The Moment It Broke: How 10 Agents Changed My Mental Model
By Nick Halstead
Two weeks ago my mental model of "building software" broke.
I spun up OpenClaw and had it coordinate 10+ agents. They talked to each other, installed their own tooling — Claude Code, Codex — spun up the repo scaffolding, and shipped working chunks end-to-end. Stuff that would've taken me a day of vibe coding in Cursor landed in under five minutes.
And then I sat there staring at the screen, because the obvious conclusion — wow, that's fast — wasn't actually the interesting part.
Speed is the wrong metric
When people see agents write code quickly, the natural reaction is to measure the acceleration. "10x faster!" "100x faster!" And sure, the speed is real. But if you've spent any time shipping enterprise software, you know that writing code was never the bottleneck.
The bottleneck is everything else:
- Making the UI actually complete — not just the happy path, but empty states, error handling, permissions, onboarding, settings, accessibility
- Integrating with the rest of the world — identity, billing, email, data warehouses — without creating a maintenance nightmare
- Deploying safely — migrations, rollbacks, canaries, secrets management
- Keeping it running — observability, incident response, SLOs
- Making it trustworthy — security reviews, audit trails, compliance, governance
- Surviving change — new requirements, new vendors, new policies, schema migrations
That's the gap between a demo and a system. And right now, agents are spectacular at demos.
The ability scale
I've been thinking about this as a rough score from 0 to 100. Not "how smart is the AI" — more like "how much of the delivery can you actually delegate?"
At 20/100 (where we are now), agents produce astonishing first drafts. The code works. The scaffolding is sound. Features appear fast. But the moment you need long-horizon correctness, production-grade completeness, or anything involving the trust stack — security, governance, compliance — you're back in the driver's seat.

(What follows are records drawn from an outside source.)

(* Let $\mathcal Q$ be a unary query on $p$-labelled graphs that is computable by a rational piecewise linear GNN. Then $\mathcal Q$ is definable in $\mathsf{GFO{+}C}$.
   Context: Graphs are finite, simple, undirected, with nonempty vertex set. A $p$-labelled graph is $(G,\mathbf b)$ with $\mathbf b:V(G)\to\{0,1\}^p$. A unary query $\mathcal Q$ assigns to each $(G,\mathbf b)$ a map $\mathcal Q(G,\mathbf b):V(G)\to\{0,1\}$, invariant under label-preserving isomorphisms. A dyadic rational is a rational whose denominator is a power of $2$. A piecewise linear function $L:\mathbb R\to\mathbb R$ (finitely many pieces) is rational if all thresholds, slopes and constant terms of its minimal representation are dyadic rationals. An FNN $\mathfrak F=(V,E,(\mathfrak a_v),(w_e),(b_v))$ has a finite dag skeleton, activations $\mathfrak a_v$, weights $w_e$, biases $b_v$; sources are inputs, sinks outputs; a non-input node computes $\mathfrak a_v(b_v+\sum_{uv\in E}w_{uv}\cdot\text{value}(u))$. It is rational piecewise linear if all weights and biases are dyadic rationals and all activations are continuous rational piecewise linear functions. A GNN layer $(\mathrm{msg},\mathrm{agg},\mathrm{comb})$, with $\mathrm{msg},\mathrm{comb}$ computed by FNNs and $\mathrm{agg}\in\{$sum, mean, max$\}$ (coordinatewise, $\mathbf 0$ on empty multisets), maps $\mathcal x:V(G)\to\mathbb R^p$ to $\mathcal y(v)=\mathrm{comb}(\mathcal x(v),\mathrm{agg}\{\!\{\mathrm{msg}(\mathcal x(v),\mathcal x(w)):w\in N(v)\}\!\})$. A GNN is a finite composition of layers; $\tilde{\mathfrak N}(G,\mathcal x)$ is its output signal. It is rational piecewise linear if all its FNNs are. A GNN $\mathfrak N$ (input dimension $p$, output dimension $1$) computes $\mathcal Q$ if for all $(G,\mathbf b)$ and $v$: $\tilde{\mathfrak N}(G,\mathbf b)(v)\ge3/4$ if $\mathcal Q(G,\mathbf b)(v)=1$ and $\le1/4$ if $\mathcal Q(G,\mathbf b)(v)=0$. Logic: $(G,\mathbf b)$ is the structure with universe $V(G)$, binary $E$, unary $P_i=\{v:\mathbf b(v)_i=1\}$. Two sorts: vertex variables (over $V(G)$) and number variables (over $\mathbb N$). $\mathsf{GFO{+}C}$ uses only vertex variables $x_1,x_2$. Terms: number variables, $0$, $1$, $\mathrm{ord}$ (value $|V(G)|$), $\theta+\theta'$, $\theta\cdot\theta'$, counting terms. Formulas: $\theta\le\theta'$, $E(x_i,x_j)$, $P_k(x_i)$, $x_i=x_j$, $\neg\varphi$, $\varphi\wedge\psi$. Counting terms: $\#(x_{3-i},y_1<\theta_1,\dots,y_k<\theta_k).(\gamma\wedge\varphi)$ with guard $\gamma$ equal to $E(x_i,x_{3-i})$ or $E(x_{3-i},x_i)$, and $\#(y_1<\theta_1,\dots,y_k<\theta_k).\varphi$. A counting term $\#(z_1..z_m,y_1<\theta_1,..,y_k<\theta_k).\psi$ evaluates to the number of tuples $(c_1..c_m,b_1..b_k)$ of vertices and naturals with each $b_j$ below the value of $\theta_j$ under the assignment extended by $z\mapsto c$, $y_1..y_{j-1}\mapsto b_1..b_{j-1}$, and satisfying $\psi$ under the assignment extended by all of them (these variables become bound). $\mathcal Q$ is definable in $\mathsf{GFO{+}C}$ if there is a formula $\varphi(x_1)$ with only free variable $x_1$ such that $(G,\mathbf b)\models\varphi(v)\iff\mathcal Q(G,\mathbf b)(v)=1$ for all $(G,\mathbf b),v$. *)

theory Defs
  imports Complex_Main
begin

text \<open>A p-labelling is b :: nat => nat => bool where
  b v i (for i < p) is the i-th bit of the label of v (bits i >= p are ignored).\<close>

definition graph :: "nat set \<Rightarrow> (nat \<Rightarrow> nat \<Rightarrow> bool) \<Rightarrow> bool" where
  "graph V E \<longleftrightarrow> finite V \<and> V \<noteq> {} \<and> (\<forall>u w. E u w \<longrightarrow> u \<in> V \<and> w \<in> V)
     \<and> (\<forall>u w. E u w \<longrightarrow> E w u) \<and> (\<forall>u. \<not> E u u)"

type_synonym query = "nat set \<Rightarrow> (nat \<Rightarrow> nat \<Rightarrow> bool) \<Rightarrow> (nat \<Rightarrow> nat \<Rightarrow> bool) \<Rightarrow> nat \<Rightarrow> bool"

definition unary_query :: "nat \<Rightarrow> query \<Rightarrow> bool" where
  "unary_query p Q \<longleftrightarrow>
    (\<forall>V1 E1 b1 V2 E2 b2 f. graph V1 E1 \<longrightarrow> graph V2 E2 \<longrightarrow> bij_betw f V1 V2 \<longrightarrow>
       (\<forall>u\<in>V1. \<forall>w\<in>V1. E1 u w \<longleftrightarrow> E2 (f u) (f w)) \<longrightarrow>
       (\<forall>u\<in>V1. \<forall>i<p. b1 u i = b2 (f u) i) \<longrightarrow>
       (\<forall>v\<in>V1. Q V1 E1 b1 v = Q V2 E2 b2 (f v)))"

definition dyadic :: "real \<Rightarrow> bool" where
  "dyadic x \<longleftrightarrow> (\<exists>(a::int) (k::nat). x = of_int a / 2 ^ k)"

text \<open>Thresholds t_1 < ... < t_m; on the piece [t_j, t_(j+1)) (with t_0 = -inf,
  t_(m+1) = +inf) the function is x |-> sl ! j * x + cs ! j, where j is the number of
  thresholds <= x.\<close>
definition piece_index :: "real list \<Rightarrow> real \<Rightarrow> nat" where
  "piece_index ts x = length (filter (\<lambda>t. t \<le> x) ts)"

definition rat_pwl :: "(real \<Rightarrow> real) \<Rightarrow> bool" where
  "rat_pwl L \<longleftrightarrow> (\<exists>ts sl cs. sorted_wrt (<) ts \<and> length sl = Suc (length ts)
     \<and> length cs = Suc (length ts)
     \<and> (\<forall>t\<in>set ts. dyadic t) \<and> (\<forall>a\<in>set sl. dyadic a) \<and> (\<forall>c\<in>set cs. dyadic c)
     \<and> (\<forall>x. L x = sl ! piece_index ts x * x + cs ! piece_index ts x))"

text \<open>Nodes are 0..<fnodes (numbered in a topological order of the dag: edges go from
  smaller to larger nodes). The input nodes are listed (in order) in fins, the output
  nodes in fouts.\<close>
record fnn =
  fnodes :: nat
  fedges :: "(nat \<times> nat) set"
  fwt :: "nat \<Rightarrow> nat \<Rightarrow> real"
  fbias :: "nat \<Rightarrow> real"
  fact :: "nat \<Rightarrow> real \<Rightarrow> real"
  fins :: "nat list"
  fouts :: "nat list"

definition fnn_wf :: "fnn \<Rightarrow> bool" where
  "fnn_wf F \<longleftrightarrow> fedges F \<subseteq> {(u, v). u < v \<and> v < fnodes F}
     \<and> distinct (fins F) \<and> distinct (fouts F)
     \<and> set (fins F) = {v. v < fnodes F \<and> \<not> (\<exists>u. (u, v) \<in> fedges F)}
     \<and> set (fouts F) = {v. v < fnodes F \<and> \<not> (\<exists>w. (v, w) \<in> fedges F)}"

fun fnn_vals :: "fnn \<Rightarrow> real list \<Rightarrow> nat \<Rightarrow> real list" where
  "fnn_vals F x 0 = []"
| "fnn_vals F x (Suc k) =
     (let vs = fnn_vals F x k in
      vs @ [if k \<in> set (fins F) then x ! (THE j. j < length (fins F) \<and> fins F ! j = k)
            else fact F k (fbias F k + (\<Sum>u\<in>{u. u < k \<and> (u, k) \<in> fedges F}. fwt F u k * vs ! u))])"

definition fnn_eval :: "fnn \<Rightarrow> real list \<Rightarrow> real list" where
  "fnn_eval F x = map (\<lambda>v. fnn_vals F x (fnodes F) ! v) (fouts F)"

definition fnn_rpwl :: "fnn \<Rightarrow> bool" where
  "fnn_rpwl F \<longleftrightarrow> (\<forall>(u, v)\<in>fedges F. dyadic (fwt F u v))
     \<and> (\<forall>v<fnodes F. v \<notin> set (fins F) \<longrightarrow>
          dyadic (fbias F v) \<and> continuous_on UNIV (fact F v) \<and> rat_pwl (fact F v))"

datatype aggr = AggSum | AggMean | AggMax

record gnn_layer =
  lmsg :: fnn
  lagg :: aggr
  lcomb :: fnn

fun aggregate :: "aggr \<Rightarrow> nat \<Rightarrow> nat set \<Rightarrow> (nat \<Rightarrow> real list) \<Rightarrow> real list" where
  "aggregate AggSum d N m = map (\<lambda>i. \<Sum>w\<in>N. m w ! i) [0..<d]"
| "aggregate AggMean d N m =
     map (\<lambda>i. if N = {} then 0 else (\<Sum>w\<in>N. m w ! i) / real (card N)) [0..<d]"
| "aggregate AggMax d N m =
     map (\<lambda>i. if N = {} then 0 else Max ((\<lambda>w. m w ! i) ` N)) [0..<d]"

definition layer_wf :: "nat \<Rightarrow> nat \<Rightarrow> gnn_layer \<Rightarrow> bool" where
  "layer_wf p q L \<longleftrightarrow> fnn_wf (lmsg L) \<and> fnn_wf (lcomb L)
     \<and> length (fins (lmsg L)) = 2 * p
     \<and> length (fins (lcomb L)) = p + length (fouts (lmsg L))
     \<and> length (fouts (lcomb L)) = q"

definition apply_layer :: "nat set \<Rightarrow> (nat \<Rightarrow> nat \<Rightarrow> bool) \<Rightarrow> gnn_layer
    \<Rightarrow> (nat \<Rightarrow> real list) \<Rightarrow> (nat \<Rightarrow> real list)" where
  "apply_layer V E L x = (\<lambda>v. fnn_eval (lcomb L)
      (x v @ aggregate (lagg L) (length (fouts (lmsg L))) {w \<in> V. E v w}
               (\<lambda>w. fnn_eval (lmsg L) (x v @ x w))))"

type_synonym gnn = "gnn_layer list"

fun gnn_wf :: "nat \<Rightarrow> nat \<Rightarrow> gnn \<Rightarrow> bool" where
  "gnn_wf p q [] \<longleftrightarrow> p = q"
| "gnn_wf p q (L # Ls) \<longleftrightarrow> (\<exists>r. layer_wf p r L \<and> gnn_wf r q Ls)"

fun apply_gnn :: "nat set \<Rightarrow> (nat \<Rightarrow> nat \<Rightarrow> bool) \<Rightarrow> gnn
    \<Rightarrow> (nat \<Rightarrow> real list) \<Rightarrow> (nat \<Rightarrow> real list)" where
  "apply_gnn V E [] x = x"
| "apply_gnn V E (L # Ls) x = apply_gnn V E Ls (apply_layer V E L x)"

definition gnn_rpwl :: "gnn \<Rightarrow> bool" where
  "gnn_rpwl N \<longleftrightarrow> (\<forall>L\<in>set N. fnn_rpwl (lmsg L) \<and> fnn_rpwl (lcomb L))"

definition label_signal :: "nat \<Rightarrow> (nat \<Rightarrow> nat \<Rightarrow> bool) \<Rightarrow> nat \<Rightarrow> real list" where
  "label_signal p b = (\<lambda>v. map (\<lambda>i. if b v i then 1 else 0) [0..<p])"

definition gnn_computes :: "nat \<Rightarrow> gnn \<Rightarrow> query \<Rightarrow> bool" where
  "gnn_computes p N Q \<longleftrightarrow> gnn_wf p 1 N \<and>
     (\<forall>V E b v. graph V E \<longrightarrow> v \<in> V \<longrightarrow>
        (Q V E b v \<longrightarrow> apply_gnn V E N (label_signal p b) v ! 0 \<ge> 3/4) \<and>
        (\<not> Q V E b v \<longrightarrow> apply_gnn V E N (label_signal p b) v ! 0 \<le> 1/4))"

definition rpwl_gnn_computable :: "nat \<Rightarrow> query \<Rightarrow> bool" where
  "rpwl_gnn_computable p Q \<longleftrightarrow> (\<exists>N. gnn_rpwl N \<and> gnn_computes p N Q)"

datatype vvar = X1 | X2

fun other :: "vvar \<Rightarrow> vvar" where
  "other X1 = X2" | "other X2 = X1"

text \<open>CntG i g bs phi is the guarded counting term #(x_{3-i}, bs).(gamma \<and> phi) with
  guard gamma = E(x_i, x_{3-i}) if g, and E(x_{3-i}, x_i) otherwise.
  Cnt bs phi is #(bs).phi. A list of bounds BCons y theta bs stands for
  y < theta, followed by the bounds bs.\<close>
datatype nterm = NVar nat | NZero | NOne | NOrd | NPlus nterm nterm | NTimes nterm nterm
  | CntG vvar bool bnds form
  | Cnt bnds form
and bnds = BNil | BCons nat nterm bnds
and form = FLe nterm nterm | FEdge vvar vvar | FPred nat vvar | FEq vvar vvar
  | FNot form | FAnd form form

function (sequential) evalt :: "nat set \<Rightarrow> (nat \<Rightarrow> nat \<Rightarrow> bool) \<Rightarrow> (nat \<Rightarrow> nat \<Rightarrow> bool)
      \<Rightarrow> (vvar \<Rightarrow> nat) \<Rightarrow> (nat \<Rightarrow> nat) \<Rightarrow> nterm \<Rightarrow> nat"
and cntb :: "nat set \<Rightarrow> (nat \<Rightarrow> nat \<Rightarrow> bool) \<Rightarrow> (nat \<Rightarrow> nat \<Rightarrow> bool)
      \<Rightarrow> (vvar \<Rightarrow> nat) \<Rightarrow> (nat \<Rightarrow> nat) \<Rightarrow> bnds \<Rightarrow> form \<Rightarrow> nat"
and sat :: "nat set \<Rightarrow> (nat \<Rightarrow> nat \<Rightarrow> bool) \<Rightarrow> (nat \<Rightarrow> nat \<Rightarrow> bool)
      \<Rightarrow> (vvar \<Rightarrow> nat) \<Rightarrow> (nat \<Rightarrow> nat) \<Rightarrow> form \<Rightarrow> bool"
where
  "evalt V E b \<alpha> \<beta> (NVar y) = \<beta> y"
| "evalt V E b \<alpha> \<beta> NZero = 0"
| "evalt V E b \<alpha> \<beta> NOne = 1"
| "evalt V E b \<alpha> \<beta> NOrd = card V"
| "evalt V E b \<alpha> \<beta> (NPlus s t) = evalt V E b \<alpha> \<beta> s + evalt V E b \<alpha> \<beta> t"
| "evalt V E b \<alpha> \<beta> (NTimes s t) = evalt V E b \<alpha> \<beta> s * evalt V E b \<alpha> \<beta> t"
| "evalt V E b \<alpha> \<beta> (CntG i g bs \<phi>) =
     (\<Sum>c\<in>V. let \<alpha>' = \<alpha>(other i := c) in
        if (if g then E (\<alpha>' i) (\<alpha>' (other i)) else E (\<alpha>' (other i)) (\<alpha>' i))
        then cntb V E b \<alpha>' \<beta> bs \<phi> else 0)"
| "evalt V E b \<alpha> \<beta> (Cnt bs \<phi>) = cntb V E b \<alpha> \<beta> bs \<phi>"
| "cntb V E b \<alpha> \<beta> BNil \<phi> = (if sat V E b \<alpha> \<beta> \<phi> then 1 else 0)"
| "cntb V E b \<alpha> \<beta> (BCons y t bs) \<phi> =
     (\<Sum>n<evalt V E b \<alpha> \<beta> t. cntb V E b \<alpha> (\<beta>(y := n)) bs \<phi>)"
| "sat V E b \<alpha> \<beta> (FLe s t) \<longleftrightarrow> evalt V E b \<alpha> \<beta> s \<le> evalt V E b \<alpha> \<beta> t"
| "sat V E b \<alpha> \<beta> (FEdge i j) \<longleftrightarrow> E (\<alpha> i) (\<alpha> j)"
| "sat V E b \<alpha> \<beta> (FPred k i) \<longleftrightarrow> b (\<alpha> i) k"
| "sat V E b \<alpha> \<beta> (FEq i j) \<longleftrightarrow> \<alpha> i = \<alpha> j"
| "sat V E b \<alpha> \<beta> (FNot \<phi>) \<longleftrightarrow> \<not> sat V E b \<alpha> \<beta> \<phi>"
| "sat V E b \<alpha> \<beta> (FAnd \<phi> \<psi>) \<longleftrightarrow> sat V E b \<alpha> \<beta> \<phi> \<and> sat V E b \<alpha> \<beta> \<psi>"
  by pat_completeness auto
termination
  by (relation "measure (\<lambda>x. case x of
        Inl (_, _, _, _, _, t) \<Rightarrow> 2 * size t
      | Inr (Inl (_, _, _, _, _, bs, \<phi>)) \<Rightarrow> 2 * (size bs + size \<phi>) + 1
      | Inr (Inr (_, _, _, _, _, \<phi>)) \<Rightarrow> 2 * size \<phi>)") auto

At 100/100, you describe what you want and get a product that is secure, scalable, compliant, maintainable, and self-improving. Not a prototype. Not a demo. A system you'd bet a business on.
We're at 20. The slope is steep. And I think we cross most of the critical thresholds in the next 12 months.
What I saw in those five minutes
The agents didn't just write code fast. They coordinated. One handled the backend API. Another built the frontend. A third wrote tests. A fourth handled the database schema. They referenced each other's work, resolved conflicts, and produced a coherent result.
That's not autocomplete. That's the seed of something much bigger.
But it also exposed every gap. The output was a working prototype — not a product. The UI had no empty states. Error handling was optimistic at best. There was no deployment pipeline, no monitoring, no security review. It was, in the most literal sense, a demo.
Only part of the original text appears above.